Blocked URLs Can Still Be Indexed

John Mueller has responded to a common concern seen in Google Search Console where large numbers of URLs appear as “Indexed, though blocked by robots.txt”, helping clarify what this actually means and whether it requires action.

Large volumes of “indexed but blocked” URLs

The discussion began with a WooCommerce site owner who noticed over 51,000 URLs being flagged in Search Console under this status. These URLs were mainly generated through shopping cart parameters such as ?add-to-cart= and similar variations.

The site owner explained that they had implemented robots.txt rules to block these parameter-based URLs, but the issue appeared unexpectedly in recent weeks. This led to concerns that the robots.txt configuration might be causing unintended indexing behaviour or harming SEO performance.

They also questioned whether removing the robots.txt rules or adding noindex directives would be a better solution, particularly given the size of the site and concerns about crawl budget and potential side effects.

Are add-to-cart URLs meant to be indexed?

John Mueller clarified that URLs such as add-to-cart parameters do not need to be indexed at all. In his view, blocking them via robots.txt is an acceptable and common approach for handling this type of content.

He also explained that even if Search Console reports these URLs as indexed, they are not typically shown in normal search results. The reason is that these pages are not useful for search users and are generally not intended to be surfaced in Google Search.

Mueller’s response was as follows:

“You don’t need the add-to-cart URLs indexed. Blocking them with robots.txt is fine. Even if they get ‘indexed’ since they’re blocked by robots.txt, it’s unlikely that they’ll be shown in search (unless you do specific queries for those URLs, which users don’t do).”

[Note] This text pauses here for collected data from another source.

lemma cleared_excess_minus_minus_short_nonpos:
  assumes "triangle_feasible x1 x2 x3 t" and "x3 \<le> 2/5"
  shows "cleared_excess Minus Minus Short_plus x1 x2 x3 t \<le> 0"
proof -
  have "0 \<le> 2/5 - x3"
    using assms(2-) by simp_all
  note atoms = this triangle_feasible_nonneg[OF assms(1)]
  have "0 \<le> 77/5 * ((1 - x2) * (x1 + x2 - x3)) + 11/10 * (x1 * x2 * (1 - x2) * (x1 + x3 - x2))
    + 66/5 * ((1 - x1)^2 * (x1 + x2 - x3)^2) + 55/2 * (x1^2 * (1 - x2) * x3 * (x1 + x3 - x2))
    + 693/40 * (x1 * (1 - x1) * x3 * (x2 + x3 - x1)) + 121/10 * (x1^2 * (1 - x1) * (x1 + x3 - x2))
    + 209/8 * (x1 * (1 - x1) * x3^2 * (x2 + x3 - x1))
    + 833/40 * (x1 * (1 - x2) * x3 * (x2 + x3 - x1))
    + 11/2 * (x1 * (1 - x1) * x3 * (x2 + x3 - x1)^2) + 4139/20 * (x1 * (1 - x1) * x3^2)
    + 209/10 * (x1 * (1 - x1) * x2) + 66/5 * (x1 * (1 - x1) * (x2 + x3 - x1))
    + 191 * (x1^2 * (1 - x2) * x3^2) + 691/10 * ((1 - x1) * x2) + 112 * (1 - x1)
    + 11/2 * (x1 * x2 * (1 - x2) * x3 * (x2 + x3 - x1))
    + 55/8 * (x1 * x2 * (1 - x2) * x3^2 * (x1 + x3 - x2))
    + 33/2 * (x1 * (1 - x2) * x3^2 * (x1 + x2 - x3)) + 9917/40 * ((1 - x1) * x3^2)
    + 176/5 * (x1 * (1 - x1) * x2 * (x1 + x3 - x2)) + 525/4 * (x1 * x2 * (1 - x2) * x3^2)
    + 659/8 * (x1 * x2 * (1 - x2) * x3) + 77/8 * (x1^2 * (1 - x1) * x3)
    + 753/4 * (x1 * (1 - x2) * x3^2) + 6067/40 * (x1 * (1 - x1) * x3) + 406/5 * (x1 * (1 - x1))
    + 11/10 * (x2^2 * (1 - x2)) + 11/2 * (x2 * (1 - x2) * x3 * (x1 + x3 - x2))
    + 121/5 * ((1 - x1) * x3 * (x1 + x3 - x2)) + 637/5 * ((1 - x1) * (x1 + x3 - x2))
    + 1549/10 * (x2 * (1 - x2)) + 759/40 * ((1 - x1) * x3^3)
    + 143/8 * ((1 - x2) * x3^2 * (x1 + x2 - x3)) + 55/8 * (x2 * (1 - x2) * x3^2 * (x1 + x2 - x3))
    + 165/8 * (x1^2 * (1 - x2) * x3^2 * (x2 + x3 - x1)) + 143/8 * (x2 * (1 - x2) * x3)
    + 55/8 * ((1 - x1) * (x1 + x2 - x3)^3 * (2/5 - x3)^2)
    + 55/8 * (x1 * (1 - x2) * x3^3 * (x1 + x2 - x3))
    + 55/8 * (x1 * (1 - x1) * x3^2 * (x2 + x3 - x1) * (x1 + x2 - x3))
    + 55/8 * ((1 - x1) * x3^3 * (x1 + x2 - x3)^2) + 55/8 * ((1 - x2) * x3^3 * (x1 + x3 - x2))
    + 99/8 * ((1 - x1) * x3^3 * (x1 + x2 - x3)) + 101 * (x1^2 * x2 * (1 - x2) * x3^2)
    + 5173/40 * ((1 - x2) * x3 * (x1 + x2 - x3)) + 263/5 * (x1 * (1 - x2) * (x1 + x2 - x3))"
    by (intro add_nonneg_nonneg mult_nonneg_nonneg zero_le_power divide_nonneg_nonneg
        zero_le_numeral zero_le_one atoms)
  also have "\<dots> = - cleared_excess Minus Minus Short_plus x1 x2 x3 t"
    unfolding cleared_excess_def triangle_cost_def pivot_cost_def hit_prob_def
    by (simp only: both_join.simps join_marginal.simps budget_numerator.simps edge_kind.distinct
        simp_thms if_True if_False) algebra
  finally show ?thesis by simp
qed

lemma cleared_excess_minus_minus_long_nonpos:
  assumes "triangle_feasible x1 x2 x3 t" and "2/5 \<le> x3"
  shows "cleared_excess Minus Minus Long_plus x1 x2 x3 t \<le> 0"
proof -
  have "0 \<le> x3 - 2/5"
    using assms(2-) by simp_all
  note atoms = this triangle_feasible_nonneg[OF assms(1)]
  have "0 \<le> 16 * ((1 - x1) * (1 - x2)) + 1456/5 * ((1 - x1) * x2 * (1 - x2))
    + 90 * (x1 * (1 - x2) * x3 * (x3 - 2/5)) + 68 * (1 - x1) + 36 * ((1 - x1) * x3)
    + 100 * (x1 * x2 * (1 - x2) * x3^2) + 344 * (x1 * (1 - x1) * x2 * (1 - x3))
    + 1492/5 * (x1 * (1 - x1) * (1 - x2)) + 110 * (x1 * (1 - x2) * (x3 - 2/5)^2)
    + 652/5 * (x1^2 * (1 - x2)^2 * x3) + 200 * ((1 - x1) * x3 * (x3 - 2/5))
    + 44 * (x1 * (1 - x1) * x3^2) + 100 * (x2 * (1 - x2) * x3 * (x3 - 2/5))
    + 1908/5 * (x1^2 * x2 * (1 - x2) * (1 - x3)) + 300 * (x1 * (1 - x1) * (x3 - 2/5))
    + 56 * (x1^2 * (1 - x2) * x3 * (1 - x3)) + 432/5 * (x1 * (1 - x1) * (1 - x2) * x3)
    + 2128/5 * (x1 * (1 - x1) * x2 * (1 - x2)) + 228 * ((1 - x1) * (1 - x2) * x3)
    + 156 * (x1^2 * x2 * (1 - x2) * x3 * (1 - x3)) + 28 * ((1 - x2)^2 * (1 - x3))
    + 268 * (x2 * (1 - x2) * (x3 - 2/5)) + 56 * (x1 * (1 - x2) * (x2 + x3 - x1) * (x3 - 2/5))"
    by (intro add_nonneg_nonneg mult_nonneg_nonneg zero_le_power divide_nonneg_nonneg
        zero_le_numeral zero_le_one atoms)
  also have "\<dots> = - cleared_excess Minus Minus Long_plus x1 x2 x3 t"
    unfolding cleared_excess_def triangle_cost_def pivot_cost_def hit_prob_def
    by (simp only: both_join.simps join_marginal.simps budget_numerator.simps edge_kind.distinct
        simp_thms if_True if_False) algebra
  finally show ?thesis by simp
qed

lemma cleared_excess_minus_short_short_nonpos:
  assumes "triangle_feasible x1 x2 x3 t" and "x2 \<le> 2/5" and "x3 \<le> 2/5"
  shows "cleared_excess Minus Short_plus Short_plus x1 x2 x3 t \<le> 0"
proof -
  have "0 \<le> 2/5 - x2" "0 \<le> 2/5 - x3"
    using assms(2-) by simp_all
  note atoms = this triangle_feasible_nonneg[OF assms(1)]
  have "0 \<le> 464/5 * (x1 * (x2 + x3 - x1)^2) + 11 * (x1 * (x1 + x3 - x2)^2 * (2/5 - x2))
    + 508/5 * (x1^2 * (x2 + x3 - x1)) + 2408/25 * (2/5 - x2) + 761/5 * (x2 * (x2 + x3 - x1))
    + 272/5 * (x1 * (x1 + x3 - x2) * (2/5 - x2)) + 112 * (x1 * x2 * x3 * (x2 + x3 - x1))
    + 272/5 * (x1 * x3 * (x2 + x3 - x1)) + 624/5 * (x1 * (2/5 - x3)) + 11 * (x1 * (x2 + x3 - x1)^3)
    + 11 * (x1^2 * (x2 + x3 - x1)^2) + 11 * (x1 * (x1 + x2 - x3)^2 * (2/5 - x3))
    + 156 * (x2 * x3 * (x2 + x3 - x1)) + 6776/25 * (x1 * (x2 + x3 - x1))
    + 2032/25 * (x1 * (2/5 - x2)) + 308/5 * (x1^2 * (2/5 - x2)) + 308/5 * (x1^2 * (2/5 - x3))
    + 2184/125 * (1 - x1) + 621/5 * ((x1 + x2 - x3) * (2/5 - x3)) + 159/5 * (x3 * (x2 + x3 - x1))
    + 2604/25 * (x2 + x3 - x1) + 19/5 * ((x1 + x3 - x2) * (2/5 - x2))"
    by (intro add_nonneg_nonneg mult_nonneg_nonneg zero_le_power divide_nonneg_nonneg
        zero_le_numeral zero_le_one atoms)
  also have "\<dots> = - cleared_excess Minus Short_plus Short_plus x1 x2 x3 t"
    unfolding cleared_excess_def triangle_cost_def pivot_cost_def hit_prob_def
    by (simp only: both_join.simps join_marginal.simps budget_numerator.simps edge_kind.distinct
        simp_thms if_True if_False) algebra
  finally show ?thesis by simp
qed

How robots.txt affects crawling and indexing

A key part of the discussion is understanding what robots.txt actually does. It prevents Googlebot from crawling certain URLs, but it does not directly prevent Google from indexing a URL if it is discovered through other means, such as internal links.

This is why Search Console can still show URLs as indexed even when they are blocked from crawling. Google may know the URL exists, but it cannot access the content behind it.

This distinction often leads to confusion, as many assume blocking a URL in robots.txt automatically removes it from Google’s index, which is not technically the case.

Does “noindex” solve the problem?

One suggestion raised in the original discussion was to use a noindex meta tag for the parameterised URLs instead of relying on robots.txt alone.

However, this approach is not always practical in platforms like WooCommerce. These parameter URLs are often generated dynamically and may share the same templates as standard product pages. As a result, applying a noindex directive selectively can be difficult without affecting the main pages that should remain indexed.

In many cases, there is also no separate page content to manage, as these URLs do not represent unique landing pages in the traditional sense.

Why Google is discovering these URLs

Another likely explanation for the Search Console reports is internal linking. If add-to-cart parameters are included in links anywhere across the site—whether in product listings, buttons, or templates—Google may discover and record them even if they are blocked from crawling.

Once discovered, these URLs can be reported in Search Console, contributing to the “indexed though blocked” status.

Because of this, some SEO professionals recommend auditing internal links using crawling tools to identify where such URLs are being generated. In some cases, adjusting or removing these links, or adding a rel=”nofollow” attribute, can help reduce unnecessary discovery.

Should site owners be worried?

A key takeaway from Mueller’s explanation is that Search Console reports do not always reflect a real SEO problem. Instead, they often highlight technical conditions that look alarming but have little or no impact on search visibility.

In this scenario, add-to-cart URLs being blocked by robots.txt is generally considered an appropriate setup. These URLs are not meant for indexing, and blocking them is a standard way of preventing crawl waste.

However, it is still useful to understand how they are being discovered, especially on large e-commerce sites where parameter-based URLs can multiply quickly.

When additional steps may help

While robots.txt blocking is usually sufficient, site owners who want to tighten control may also review internal linking structures. Ensuring that unnecessary parameter links are not widely exposed can help reduce how often Google encounters them.

Where appropriate, adding a rel=”nofollow” attribute to links that generate these URLs can provide an additional signal to search engines, although it is important to remember that this is a hint rather than a strict directive.

Final thoughts

Mueller’s comments reinforce an important point in technical SEO: not every Search Console warning indicates a problem that needs fixing. Some reports simply reflect how Google discovers and categorises URLs, rather than issues affecting rankings or traffic.

In the case of add-to-cart URLs, blocking them via robots.txt remains a valid and widely used approach. The key is understanding what robots.txt does—and does not do—and focusing on whether those URLs are actually impacting users or search performance in a meaningful way.